Managing the logistics of continual change: travel and the new normal for Marine and Energy businesses
Gary Pearce, chief commercial officer ATPI Marine and Energy. Managing the logistics of continual change
Managing the logistics of continual change:
travel and the new normal for Marine and Energy businesses
Planning and managing travel to offshore locations is complex under normal circumstances. Moving the right highly-specialist people to the right crew rotation port or heliport takes logistics professionals with a military-style approach to scenario planning.
Gary Pearce, chief commercial officer ATPI Marine and Energy
Managing the logistics of continual change:
travel and the new normal for Marine and Energy businesses
Gary Pearce, chief commercial officer ATPI Marine and Energy.
Planning and managing travel to offshore locations is complex under normal circumstances. Moving the right highly-specialist people to the right crew rotation port or heliport takes logistics professionals with a military-style approach to scenario planning.
Add a global pandemic and an almost worldwide shut-down of international air travel to the equation, and circumstances are acutely compounded. In most cases, workers in the marine and energy sectors are essential. Their safe operation of vessels and rigs ensures lights stay on, and that nations around the world receive the cargo and goods they need.
Keeping the marine and energy sector moving is not an optional operation. Global commerce has to continue.
As the spread of COVID-19 has forced much of the world into lockdown, and international borders to close, there are momentous challenges being overcome every day to ensure that essential workers in the sector can get where they need to, and safely.
Immediate impact
It’s fair to say that the speed at which lockdowns happened around the world – with varying degrees of severity – took most organisations, and governments, by surprise.
For those businesses that rely on regular crew rotations, people in transit were unable to get to the location they needed to be in, and those offshore faced challenging journeys to be able to return home.
Quickly imposed quarantine restrictions and border closures meant that many offshore workers and seafarers have faced lengthy spells at sea.
For a marine and energy business the immediate impact on travel plans caused huge challenges to operations. Building in 14 day quarantine periods at either end of a journey, overcoming a lack of commercial flights, and working with governments around the world to ensure ever-changing border restrictions do not overturn plans for a crew hours away from arriving in a port city, are just some of the measures introduced in a very short period of time.

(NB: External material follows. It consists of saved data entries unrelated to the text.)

lemma sup_norm_extremal_deviation:
  "sup_norm (\<lambda>x. extremal_density \<omega> h x - Sbar M \<nu> h x)
     = ereal (set_lebesgue_integral M (B0 h) (\<lambda>u. \<omega> (dist u 0)) / measure M (B0 h))"
proof (rule sup_norm_eqI[of _ _ 0])
  show "\<bar>extremal_density \<omega> h x - Sbar M \<nu> h x\<bar>
      \<le> set_lebesgue_integral M (B0 h) (\<lambda>u. \<omega> (dist u 0)) / measure M (B0 h)" for x
  proof -
    have "\<bar>extremal_density \<omega> h x - extremal_density \<omega> h y\<bar> \<le> 1 * \<omega> (dist x y)" for x y :: 'a
      using extremal_density_hoelder[OF om h] by simp
    from abs_density_minus_Sbar_le[OF om h cd zero_le_one this] show ?thesis by simp
  qed
  have "0 \<le> set_lebesgue_integral M (B0 h) (\<lambda>u. \<omega> (dist u 0))"
    using modulus_of_continuity_nonneg[OF om] unfolding set_lebesgue_integral_def
    by (intro integral_nonneg_AE AE_I2) (simp add: indicator_def)
  then show "\<bar>extremal_density \<omega> h 0 - Sbar M \<nu> h 0\<bar>
      = set_lebesgue_integral M (B0 h) (\<lambda>u. \<omega> (dist u 0)) / measure M (B0 h)"
    using extremal_charge_ball standing_measure_ball_pos[OF h]
    unfolding Sbar_def by (simp add: field_simps extremal_density_zero[OF om h])
qed

lemma extremal_density_attains_bound:
  "sup_norm (extremal_density \<omega> h :: 'a \<Rightarrow> real)
     = sup_norm (\<lambda>x. extremal_density \<omega> h x - Sbar M \<nu> h x) + charge_norm \<nu> h / ereal (measure M (B0 h))
   \<and> sup_norm (\<lambda>x. extremal_density \<omega> h x - Sbar M \<nu> h x) + charge_norm \<nu> h / ereal (measure M (B0 h))
     = H_norm \<omega> (extremal_density \<omega> h :: 'a \<Rightarrow> real) / ereal (measure M (B0 h))
         * ereal (set_lebesgue_integral M (B0 h) (\<lambda>u. \<omega> (dist u 0)))
       + charge_norm \<nu> h / ereal (measure M (B0 h))"
proof -
  let ?m = "measure M (B0 h)" and ?I = "set_lebesgue_integral M (B0 h) (\<lambda>u. \<omega> (dist u 0))"
  obtain u :: 'a where u: "u \<in> B0 h" "u \<noteq> 0"
    using standing_ball_nonzeroE[OF h] .
  have H_norm: "H_norm \<omega> (extremal_density \<omega> h :: 'a \<Rightarrow> real) / ereal ?m * ereal ?I = ereal (?I / ?m)"
    using H_norm_extremal_density[OF om h u] standing_measure_ball_pos[OF h]
    by (simp add: ereal_divide one_ereal_def)
  have charge_norm: "charge_norm \<nu> h / ereal ?m = ereal ((\<omega> h * ?m - ?I) / ?m)"
    using standing_measure_ball_pos[OF h] by (simp add: charge_norm_extremal ereal_divide)
  have sum: "?I / ?m + (\<omega> h * ?m - ?I) / ?m = \<omega> h"
    using standing_measure_ball_pos[OF h] by (simp add: field_simps)
  show ?thesis
    unfolding H_norm charge_norm sup_norm_extremal_density[OF om h] sup_norm_extremal_deviation
      plus_ereal.simps sum by simp
qed

end

end

theorem theorem4:
  fixes M :: "'a::{metric_space, comm_monoid_add} measure"
    and \<omega> :: "real \<Rightarrow> real" and h :: real
    and \<nu> :: "'a set \<Rightarrow> real" and f :: "'a \<Rightarrow> real"
  assumes "standing M"
    and "modulus_of_continuity \<omega>"
    and "h > 0"
    and "charge_with_density M \<nu> f"
    and "charge_norm \<nu> h < \<infinity>"
    and "H_norm \<omega> f < \<infinity>"
  shows "sup_norm f \<le> sup_norm (\<lambda>x. f x - Sbar M \<nu> h x) + charge_norm \<nu> h / ereal (measure M (B0 h))
       \<and> sup_norm (\<lambda>x. f x - Sbar M \<nu> h x) + charge_norm \<nu> h / ereal (measure M (B0 h))
           \<le> H_norm \<omega> f / ereal (measure M (B0 h))
               * ereal (set_lebesgue_integral M (B0 h) (\<lambda>u. \<omega> (dist u 0)))
             + charge_norm \<nu> h / ereal (measure M (B0 h))
       \<and> (\<forall>\<nu>e fe. fe = (\<lambda>x. max (\<omega> h - \<omega> (dist x 0)) 0) \<and> charge_with_density M \<nu>e fe \<longrightarrow>
            sup_norm fe = sup_norm (\<lambda>x. fe x - Sbar M \<nu>e h x) + charge_norm \<nu>e h / ereal (measure M (B0 h))
          \<and> sup_norm (\<lambda>x. fe x - Sbar M \<nu>e h x) + charge_norm \<nu>e h / ereal (measure M (B0 h))
              = H_norm \<omega> fe / ereal (measure M (B0 h))
                  * ereal (set_lebesgue_integral M (B0 h) (\<lambda>u. \<omega> (dist u 0)))
                + charge_norm \<nu>e h / ereal (measure M (B0 h)))"
proof -
  note standing = assms(1) and om = assms(2) and h = assms(3)
  show ?thesis
    unfolding extremal_density_def[symmetric]
    using sup_norm_le_deviation_plus_charge_norm[OF standing_measure_ball_pos[OF standing h]]
      add_right_mono[OF sup_norm_deviation_le[OF standing om h assms(4,6)]]
      extremal_density_attains_bound[OF standing om h]
    by blast
qed

end
lemma Ymat_commute: "A ** Ymat k A = Ymat k A ** A"
proof (cases "k < 0")
  case True
  then show ?thesis by (simp add: Ymat_neg)
next
  case False
  then obtain n where "k = int n" by (metis nonneg_int_cases not_less)
  moreover have "A ** Ymat (int n) A = Ymat (int n) A ** A"
  proof (induction n)
    case 0
    show ?case by (simp add: Ymat_0 matrix_scalar_ac flip: scalar_matrix_assoc)
  next
    case (Suc n)
    then show ?case unfolding Ymat_Suc
      by (simp add: matrix_diff_ldistrib matrix_diff_rdistrib matrix_scalar_ac matrix_mul_assoc
          flip: scalar_matrix_assoc)
  qed
  ultimately show ?thesis by simp
qed

definition pencil :: "real^'n^'n \<Rightarrow> real fps^'n^'n" where
  "pencil A = (\<chi> i j. (if i = j then 1 else 0) + fps_X * fps_const (A $ i $ j))"

definition adjugate_series :: "real^'n^'n \<Rightarrow> real fps^'n^'n" where
  "adjugate_series A = (\<chi> i j. Abs_fps (\<lambda>k. Ymat (int k) A $ i $ j))"

lemma fps_nth_det_pencil:
  fixes A :: "real^'n^'n"
  shows "fps_nth (det (pencil A)) k = esym (int k) A"
proof -
  let ?P = "(\<chi> i j. (if i = j then 1 else 0) + [:0, A $ i $ j:]) :: real poly^'n^'n"
  have "fps_of_poly (det ?P) = det (\<chi> i j. fps_of_poly (?P $ i $ j))"
    by (rule det_map_ring_hom) (simp_all add: fps_of_poly_add fps_of_poly_mult)
  also have "(\<chi> i j. fps_of_poly (?P $ i $ j)) = pencil A"
    by (simp add: pencil_def vec_eq_iff fps_of_poly_add fps_of_poly_pCons fps_of_poly_const
        mult.commute)
  finally show ?thesis by (simp add: esym_def flip: fps_of_poly_nth)
qed

lemma fps_nth_pencil_0: "fps_nth (pencil A $ i $ j) 0 = (if i = j then 1 else 0)"
  by (simp add: pencil_def)

lemma fps_nth_det_pencil_0: "fps_nth (det (pencil (A::real^'n^'n))) 0 = 1"
proof -
  have "fps_nth (det (pencil A)) 0 = det (\<chi> i j. fps_nth (pencil A $ i $ j) 0)"
    by (rule det_map_ring_hom) simp_all
  also have "(\<chi> i j. fps_nth (pencil A $ i $ j) 0) = (mat 1 :: real^'n^'n)"
    by (simp add: fps_nth_pencil_0 vec_eq_iff mat_def)
  finally show ?thesis by simp
qed

lemma esym_0: "esym 0 (A::real^'n^'n) = 1"
  using fps_nth_det_pencil[of A 0] fps_nth_det_pencil_0[of A] by simp

lemma Ymat_recurrence: "Ymat (int n) A + A ** Ymat (int n - 1) A = esym (int n) A *\<^sub>R mat 1"
proof (cases n)
  case 0
  then show ?thesis by (simp add: Ymat_0 Ymat_neg)
next
  case (Suc m)
  then show ?thesis using Ymat_Suc[of m A] by simp
qed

And of course, the duty of care responsibility to people has been front and centre of trying to overcome the barriers in play. Duty of care has always been at the forefront of offshore work, and in this situation the careful due diligence paid to the mental wellbeing of those remaining offshore for long periods has become ever more important.
Those of us around the world living in lockdown in our homes are finding it hard enough, let alone those who are at sea between continents with no hard and fast certainty that there will be a viable route to travel home.
Detail and delivery
As a specialist travel management company (TMC) that understands all of the factors managing ever-changing circumstances. The finer details are absolutely crucial. Not only do we have to plan how to get a crew safely to their required location, and meet social distancing and quarantine restrictions of the nations where they are travelling, we also have to ensure we keep everyone who comes into contact with them safe too.
Considerations to overcome range from how travellers can access meals when catering options are closed, to how medical checks can be carried out in a manner that protects everyone’s health.
There is no rulebook or past experience learnings guide to handling what has happened with the COVID-19 outbreak. Our business relies on the professional experience of those who understand every tiny detail and nuance of marine and offshore travel and how to plan ahead for all the possible changes that could overturn the best made plans.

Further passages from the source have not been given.